Segment Open

lemma poly_pderiv_at_node:
  fixes x :: "'i \<Rightarrow> 'a::field"
  assumes I: "finite I" and inj: "inj_on x I" and deg: "degree p < card I" and k: "k \<in> I"
  defines "w \<equiv> lagrange_weight p x I" and "Q \<equiv> node_poly x (I - {k})"
  shows "poly (pderiv p) (x k)
           = w k * poly (pderiv Q) (x k) + poly Q (x k) * (\<Sum>j\<in>I - {k}. w j / (x k - x j))"
proof -
  have off_node: "poly (pderiv (node_poly x (I - {j}))) (x k) = poly Q (x k) / (x k - x j)"
    if j: "j \<in> I - {k}" for j
  proof -
    have "poly (pderiv (node_poly x (I - {j}))) (x k) = (\<Prod>i\<in>I - {j} - {k}. x k - x i)"
      using I j k by (intro poly_pderiv_node_poly_at_node) auto
    also have "\<dots> = poly Q (x k) / (x k - x j)"
    proof -
      have "x k - x j \<noteq> 0" using j k inj by (auto simp: inj_on_def)
      moreover have "I - {j} - {k} = I - {k} - {j}" by auto
      ultimately show ?thesis
        using I j by (simp add: Q_def prod.remove)
    qed
    finally show ?thesis .
  qed
  have "pderiv p = (\<Sum>j\<in>I. smult (w j) (pderiv (node_poly x (I - {j}))))"
    unfolding w_def
    by (subst lagrange_interpolation[OF I inj deg])
       (simp add: higher_pderiv_sum[where n = 1, simplified] pderiv_smult)
  then show ?thesis
    using I k
    by (simp add: poly_sum sum.remove off_node sum_distrib_left mult.commute Q_def del: poly_node_poly)
qed

lemma sum_lagrange_weight_divided_difference:
  fixes x :: "'i \<Rightarrow> 'a::field" and r :: "'j \<Rightarrow> 'a"
  assumes I: "finite I" and inj: "inj_on x I" and k: "k \<in> I"
    and R: "finite R" "card R < card I" and root_free: "x k \<notin> r ` R"
  defines "w \<equiv> lagrange_weight (node_poly r R) x I"
  shows "(\<Sum>j\<in>I - {k}. w j / (x k - x j))
           = w k * ((\<Sum>i\<in>R. 1 / (x k - r i)) - (\<Sum>i\<in>I - {k}. 1 / (x k - x i)))"
proof -
  define P where "P = node_poly r R"
  define Q where "Q = node_poly x (I - {k})"
  have Q_nonzero: "poly Q (x k) \<noteq> 0"
    unfolding Q_def by (rule poly_node_poly_at_node_nonzero[OF I inj k])
  have "poly (pderiv P) (x k)
          = w k * poly (pderiv Q) (x k) + poly Q (x k) * (\<Sum>j\<in>I - {k}. w j / (x k - x j))"
    unfolding P_def Q_def w_def using R
    by (intro poly_pderiv_at_node[OF I inj _ k]) (simp add: degree_node_poly)
  moreover have "poly (pderiv P) (x k) = poly P (x k) * (\<Sum>i\<in>R. 1 / (x k - r i))"
    unfolding P_def using R(1) root_free by (rule poly_pderiv_node_poly_logarithmic)
  moreover have "poly (pderiv Q) (x k) = poly Q (x k) * (\<Sum>i\<in>I - {k}. 1 / (x k - x i))"
    unfolding Q_def using I inj k by (intro poly_pderiv_node_poly_logarithmic) (auto simp: inj_on_def)
  moreover have "poly P (x k) = w k * poly Q (x k)"
    using Q_nonzero by (simp add: w_def P_def Q_def lagrange_weight_def del: poly_node_poly)
  ultimately have "poly Q (x k) * (\<Sum>j\<in>I - {k}. w j / (x k - x j))
      = poly Q (x k) * (w k * ((\<Sum>i\<in>R. 1 / (x k - r i)) - (\<Sum>i\<in>I - {k}. 1 / (x k - x i))))"
    by (simp add: algebra_simps)
  then show ?thesis
    using Q_nonzero by simp
qed

lemma harm_add_diff: "harm (N + k) - harm k = (\<Sum>i=1..N. 1 / (real k + real i) :: real)"
  by (induction N) (simp_all add: harm_Suc field_simps)

lemma sum_inverse_diff_except_eq_harm:
  assumes "k \<le> N"
  shows "(\<Sum>i\<in>{0..N} - {k}. 1 / (real i - real k)) = harm (N - k) - (harm k :: real)"
proof -
  have split: "{0..N} - {k} = {..<k} \<union> {Suc k..N}" using assms by auto
  have "(\<Sum>i<k. 1 / (real i - real k)) = (\<Sum>i<k. 1 / (real (k - Suc i) - real k))"
    by (rule sum.nat_diff_reindex [symmetric])
  also have "\<dots> = (\<Sum>i<k. - inverse (real (Suc i)))"
    by (intro sum.cong) (auto simp: field_simps)
  also have "\<dots> = - harm k"
    by (simp add: harm_altdef sum_negf)
  finally have below: "(\<Sum>i<k. 1 / (real i - real k)) = - harm k" .
  have "(\<Sum>i=Suc k..N. 1 / (real i - real k)) = (\<Sum>i=1..N - k. 1 / real i)"
    using assms sum.shift_bounds_cl_nat_ivl[of "\<lambda>i. 1 / (real i - real k)" 1 k "N - k"]
    by (simp add: add.commute)
  also have "\<dots> = harm (N - k)" by (simp add: harm_def inverse_eq_divide)
  finally show ?thesis
    using below by (subst split, subst sum.union_disjoint) auto
qed

lemma prod_falling_eq_binomial:
  "(\<Prod>i=0..N. real k - real i) = real k * fact N * real (k - 1 choose N)"
proof -
  have "(\<Prod>i=0..N. real k - real i) = fact (Suc N) * real (k choose Suc N)"
    by (simp add: binomial_gbinomial gbinomial_Suc)
  also have "\<dots> = fact N * real (Suc N * (k choose Suc N))"
    by (simp add: algebra_simps)
  also have "\<dots> = real k * fact N * real (k - 1 choose N)"
    by (simp only: binomial_absorption) (simp add: algebra_simps)
  finally show ?thesis .
qed

lemma prod_rising_eq_fact: "(\<Prod>i=1..N. real j + real i) = fact (N + j) / (fact j :: real)"
proof (induction N)
  case (Suc N)
  have "(\<Prod>i=1..Suc N. real j + real i) = (\<Prod>i=1..N. real j + real i) * (real j + real (Suc N))"
    by simp
  also have "\<dots> = fact (N + j) / fact j * real (Suc N + j)"
    by (simp only: Suc.IH) simp
  also have "\<dots> = fact (Suc N + j) / fact j"
    by (simp only: add_Suc fact_Suc) simp
  finally show ?case .
qed simp

lemma prod_diff_except_eq_fact:
  assumes "j \<le> N"
  shows "(\<Prod>i\<in>{0..N} - {j}. real i - real j) = (-1) ^ j * fact j * fact (N - j)"
proof -
  have split: "{0..N} - {j} = {..<j} \<union> {Suc j..N}" using assms by auto
  have "(\<Prod>i<j. real i - real j) = (\<Prod>i<j. real (j - Suc i) - real j)"
    by (rule prod.nat_diff_reindex [symmetric])
  also have "\<dots> = (\<Prod>i<j. (-1) * real (Suc i))"
    by (intro prod.cong) auto
  also have "\<dots> = (-1) ^ j * fact j"
    by (simp only: prod.distrib prod_constant card_lessThan) (simp add: fact_prod_Suc atLeast0LessThan)
  finally have below: "(\<Prod>i<j. real i - real j) = (-1) ^ j * fact j" .
  have "(\<Prod>i=Suc j..N. real i - real j) = (\<Prod>i=1..N - j. real i)"
    using assms prod.shift_bounds_cl_nat_ivl[of "\<lambda>i. real i - real j" 1 j "N - j"]
    by (simp add: add.commute)
  also have "\<dots> = fact (N - j)" by (simp add: fact_prod)
  finally show ?thesis
    using below by (subst split, subst prod.union_disjoint) auto
qed

text \<open>The weight c_N(j): the coefficient of 1 / (t + j) in (t-1)...(t-N) / (t(t+1)...(t+N)).\<close>

definition pf_weight :: "nat \<Rightarrow> nat \<Rightarrow> real" where
  "pf_weight N = lagrange_weight (node_poly real {1..N}) (\<lambda>i. - real i) {0..N}"

lemma inj_on_neg_real: "inj_on (\<lambda>i. - real i) A"
  by (auto simp: inj_on_def)

lemma poly_node_poly_of_nat_neg:
  "poly (node_poly real {1..N}) (- real j) = (-1) ^ N * (fact (N + j) / fact j)"
proof -
  have "poly (node_poly real {1..N}) (- real j) = (\<Prod>i=1..N. (-1) * (real j + real i))"
    unfolding poly_node_poly by (intro prod.cong) auto
  then show ?thesis
    by (simp only: prod.distrib prod_constant prod_rising_eq_fact) simp
qed

lemma pf_weight_eq:
  assumes "j \<le> N"
  shows "pf_weight N j = (-1) ^ (N + j) * real (N + j choose j) * real (N choose j)"
proof -
  have "poly (node_poly (\<lambda>i. - real i) ({0..N} - {j})) (- real j) = (-1) ^ j * fact j * fact (N - j)"
    using prod_diff_except_eq_fact[OF assms] by simp
  then have "pf_weight N j = (-1) ^ N * (fact (N + j) / fact j) / ((-1) ^ j * fact j * fact (N - j))"
    by (simp only: pf_weight_def lagrange_weight_def poly_node_poly_of_nat_neg)
  also have "\<dots> = (-1) ^ (N + j) * (fact (N + j) / (fact j * fact N)) * (fact N / (fact j * fact (N - j)))"
    by (simp add: power_add field_simps)
  finally show ?thesis
    using assms by (simp add: binomial_fact)
qed
(* Let $(M,\le,\circ,e,\rightharpoonup,\leftharpoonup)$ be a biclosed poset. Then: (1) $\mathsf{Dial}_M(\mathsf{Set})$ is a category. (2) The tensor product $\otimes$ is a bifunctor on it, and together with the unit $I=(\mathbb{1},\mathbb{1},e)$ (where $\mathbb{1}$ is a one-element set) and suitable associator and left/right unitor isomorphisms it makes $\mathsf{Dial}_M(\mathsf{Set})$ a (generally non-symmetric) monoidal category. (3) For all objects $A,B,C$ there are bijections, natural in $A,B,C$, $$\mathrm{Hom}(A\otimes B,C)\cong \mathrm{Hom}(B,A\rightharpoonup C),\qquad \mathrm{Hom}(A\otimes B,C)\cong \mathrm{Hom}(A,C\leftharpoonup B).$$ That is, $\mathsf{Dial}_M(\mathsf{Set})$ is monoidal biclosed.
   Context: A biclosed poset $(M,\le,\circ,e,\rightharpoonup,\leftharpoonup)$ is a partially ordered monoid $(M,\le,\circ,e)$, not necessarily commutative, with $\circ$ monotone in each argument, such that for all $a,b\in M$ the following exist: - $a\rightharpoonup b$, the largest $x\in M$ with $a\circ x\le b$; - $b\leftharpoonup a$, the largest $x\in M$ with $x\circ a\le b$. The category $\mathsf{Dial}_M(\mathsf{Set})$ of dialectica Lambek spaces is defined as follows. - Objects are triples $(U,X,\alpha)$ with $U,X$ sets and $\alpha:U\times X\to M$ a function. - A morphism $(f,F):(U,X,\alpha)\to(V,Y,\beta)$ is a pair of functions $f:U\to V$ and $F:Y\to X$ such that $\alpha(u,F(y))\le\beta(f(u),y)$ for all $u\in U$ and $y\in Y$. - Composition is $(g,G)\circ(f,F)=(g\circ f,\;F\circ G)$, and identities are $(\mathrm{id},\mathrm{id})$. Tensor product: $(U,X,\alpha)\otimes(V,Y,\beta)=(U\times V,\;(V\to X)\times(U\to Y),\;\alpha\otimes\beta)$, where $$(\alpha\otimes\beta)((u,v),(h,k))=\alpha(u,h(v))\circ\beta(k(u),v).$$ Here $S\to T$ denotes the set of all functions from $S$ to $T$. On morphisms $(f,F):(U,X,\alpha)\to(U',X',\alpha')$ and $(g,G):(V,Y,\beta)\to(V',Y',\beta')$, the tensor is $$(f,F)\otimes(g,G)=\big(f\times g,\;(h,k)\mapsto(F\circ h\circ g,\;G\circ k\circ f)\big).$$ Internal homs: for $A=(U,X,\alpha)$ and $C=(V,Y,\beta)$, $$A\rightharpoonup C=\big((U\to V)\times(Y\to X),\;U\times Y,\;\alpha\rightharpoonup\beta\big),\qquad (\alpha\rightharpoonup\beta)((h,H),(u,y))=\alpha(u,H(y))\rightharpoonup\beta(h(u),y),$$ $$C\leftharpoonup A=\big((U\to V)\times(Y\to X),\;U\times Y,\;\beta\leftharpoonup\alpha\big),\qquad (\beta\leftharpoonup\alpha)((h,H),(u,y))=\beta(h(u),y)\leftharpoonup\alpha(u,H(y)).$$ *)

theory Defs
  imports "HOL-Library.FuncSet"
begin
lemma omega_pow_eq: "omega_pow n = {(xs, ys). length xs = n \<and> length ys = n \<and> lex_le xs ys}"
proof (induction n)
  case 0
  show ?case by auto
next
  case (Suc n)
  have Field_n: "Field (omega_pow n) = {xs. length xs = n}"
    unfolding Suc Field_def by auto
  show ?case
  proof (intro set_eqI iffI)
    fix p assume "p \<in> omega_pow (Suc n)"
    with Suc Field_n show "p \<in> {(xs, ys). length xs = Suc n \<and> length ys = Suc n \<and> lex_le xs ys}"
      by auto
  next
    fix p assume "p \<in> {(xs, ys). length xs = Suc n \<and> length ys = Suc n \<and> lex_le xs ys}"
    then obtain a xs b ys where "p = (a # xs, b # ys)" "length xs = n" "length ys = n"
        "lex_le (a # xs) (b # ys)"
      by (auto simp: length_Suc_conv)
    with Suc Field_n show "p \<in> omega_pow (Suc n)"
      by (auto intro!: image_eqI[where x = "((a, xs), (b, ys))"])
  qed
qed

lemma mem_omega_pow [simp]: "(xs, ys) \<in> omega_pow n \<longleftrightarrow> length xs = n \<and> length ys = n \<and> lex_le xs ys"
  by (simp add: omega_pow_eq)

lemma Field_omega_pow [simp]: "Field (omega_pow n) = {xs. length xs = n}"
  by (force simp: Field_def omega_pow_eq)

declare omega_pow.simps(2) [simp del]

lemma lexprod_omega_pow_omega: "order_iso (lexprod (omega_pow p) omega_ord) (omega_pow (Suc p))"
proof (rule order_iso_byWitness[where f = "\<lambda>(xs, c). xs @ [c]" and g = "\<lambda>ys. (butlast ys, last ys)"])
  show "\<forall>ys\<in>Field (omega_pow (Suc p)). (\<lambda>(xs, c). xs @ [c]) (butlast ys, last ys) = ys"
    by (auto intro: append_butlast_last_id)
qed (auto simp: lex_le_snoc)

lemma omega_ord_iso_omega_pow_1: "order_iso omega_ord (omega_pow 1)"
  by (rule order_iso_byWitness[where f = "\<lambda>n. [n]" and g = hd]) (auto simp: length_Suc_conv)

lemma lexprod_fin_ord_1: "order_iso (lexprod (fin_ord 1) X) X"
  by (rule order_iso_byWitness[where f = snd and g = "Pair 0"]) auto

definition no_leading_zero :: "nat list \<Rightarrow> bool" where
  "no_leading_zero xs \<longleftrightarrow> xs = [] \<or> hd xs \<noteq> 0"

lemma mem_omega_omega [simp]:
  "(xs, ys) \<in> omega_omega \<longleftrightarrow> no_leading_zero xs \<and> no_leading_zero ys \<and>
     (length xs < length ys \<or> (length xs = length ys \<and> lex_le xs ys))"
  by (auto simp: omega_omega_def no_leading_zero_def)

lemma Field_omega_omega [simp]: "Field omega_omega = {xs. no_leading_zero xs}"
  by (force simp: Field_def)

text \<open>Appending a last digit maps the lists of length \<open>n \<ge> 1\<close> onto those of length \<open>n + 1\<close>;
  the pairs \<open>([], c)\<close> fill the lists of length at most one.\<close>

lemma omega_omega_times_omega: "order_iso (lexprod omega_omega omega_ord) omega_omega"
proof (rule order_iso_byWitness
    [where f = "\<lambda>(xs, c). if xs = [] then (if c = 0 then [] else [c]) else xs @ [c]"
       and g = "\<lambda>zs. if length zs \<le> 1 then ([], if zs = [] then 0 else hd zs) else (butlast zs, last zs)"])
  show "\<forall>zs\<in>Field omega_omega.
      (\<lambda>(xs, c). if xs = [] then (if c = 0 then [] else [c]) else xs @ [c])
        (if length zs \<le> 1 then ([], if zs = [] then 0 else hd zs) else (butlast zs, last zs)) = zs"
  proof
    fix zs assume "zs \<in> Field omega_omega"
    then show "(\<lambda>(xs, c). if xs = [] then (if c = 0 then [] else [c]) else xs @ [c])
        (if length zs \<le> 1 then ([], if zs = [] then 0 else hd zs) else (butlast zs, last zs)) = zs"
      by (cases zs rule: rev_cases) (auto simp: no_leading_zero_def le_Suc_eq length_0_conv)
  qed
  show "(\<lambda>zs. if length zs \<le> 1 then ([], if zs = [] then 0 else hd zs) else (butlast zs, last zs))
      ` Field omega_omega \<subseteq> Field (lexprod omega_omega omega_ord)"
  proof (intro image_subsetI)
    fix zs assume "zs \<in> Field omega_omega"
    then show "(if length zs \<le> 1 then ([], if zs = [] then 0 else hd zs) else (butlast zs, last zs))
        \<in> Field (lexprod omega_omega omega_ord)"
      by (cases zs) (auto simp: no_leading_zero_def)
  qed
qed (auto simp: no_leading_zero_def lex_le_snoc split: if_splits)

Segment Closed

### What you have to do
Lines wanted from the listing above: the line with "p = (\<Sum>j\<in>I." up to and including the line with "(w k * ((\<Sum>i\<in>R.". Please write them out exactly, adding nothing else.

### Exercise answer
  have "pderiv p = (\<Sum>j\<in>I. smult (w j) (pderiv (node_poly x (I - {j}))))"
    unfolding w_def
    by (subst lagrange_interpolation[OF I inj deg])
       (simp add: higher_pderiv_sum[where n = 1, simplified] pderiv_smult)
  then show ?thesis
    using I k
    by (simp add: poly_sum sum.remove off_node sum_distrib_left mult.commute Q_def del: poly_node_poly)
qed

lemma sum_lagrange_weight_divided_difference:
  fixes x :: "'i \<Rightarrow> 'a::field" and r :: "'j \<Rightarrow> 'a"
  assumes I: "finite I" and inj: "inj_on x I" and k: "k \<in> I"
    and R: "finite R" "card R < card I" and root_free: "x k \<notin> r ` R"
  defines "w \<equiv> lagrange_weight (node_poly r R) x I"
  shows "(\<Sum>j\<in>I - {k}. w j / (x k - x j))
           = w k * ((\<Sum>i\<in>R. 1 / (x k - r i)) - (\<Sum>i\<in>I - {k}. 1 / (x k - x i)))"
proof -
  define P where "P = node_poly r R"
  define Q where "Q = node_poly x (I - {k})"
  have Q_nonzero: "poly Q (x k) \<noteq> 0"
    unfolding Q_def by (rule poly_node_poly_at_node_nonzero[OF I inj k])
  have "poly (pderiv P) (x k)
          = w k * poly (pderiv Q) (x k) + poly Q (x k) * (\<Sum>j\<in>I - {k}. w j / (x k - x j))"
    unfolding P_def Q_def w_def using R
    by (intro poly_pderiv_at_node[OF I inj _ k]) (simp add: degree_node_poly)
  moreover have "poly (pderiv P) (x k) = poly P (x k) * (\<Sum>i\<in>R. 1 / (x k - r i))"
    unfolding P_def using R(1) root_free by (rule poly_pderiv_node_poly_logarithmic)
  moreover have "poly (pderiv Q) (x k) = poly Q (x k) * (\<Sum>i\<in>I - {k}. 1 / (x k - x i))"
    unfolding Q_def using I inj k by (intro poly_pderiv_node_poly_logarithmic) (auto simp: inj_on_def)
  moreover have "poly P (x k) = w k * poly Q (x k)"
    using Q_nonzero by (simp add: w_def P_def Q_def lagrange_weight_def del: poly_node_poly)
  ultimately have "poly Q (x k) * (\<Sum>j\<in>I - {k}. w j / (x k - x j))
      = poly Q (x k) * (w k * ((\<Sum>i\<in>R. 1 / (x k - r i)) - (\<Sum>i\<in>I - {k}. 1 / (x k - x i))))"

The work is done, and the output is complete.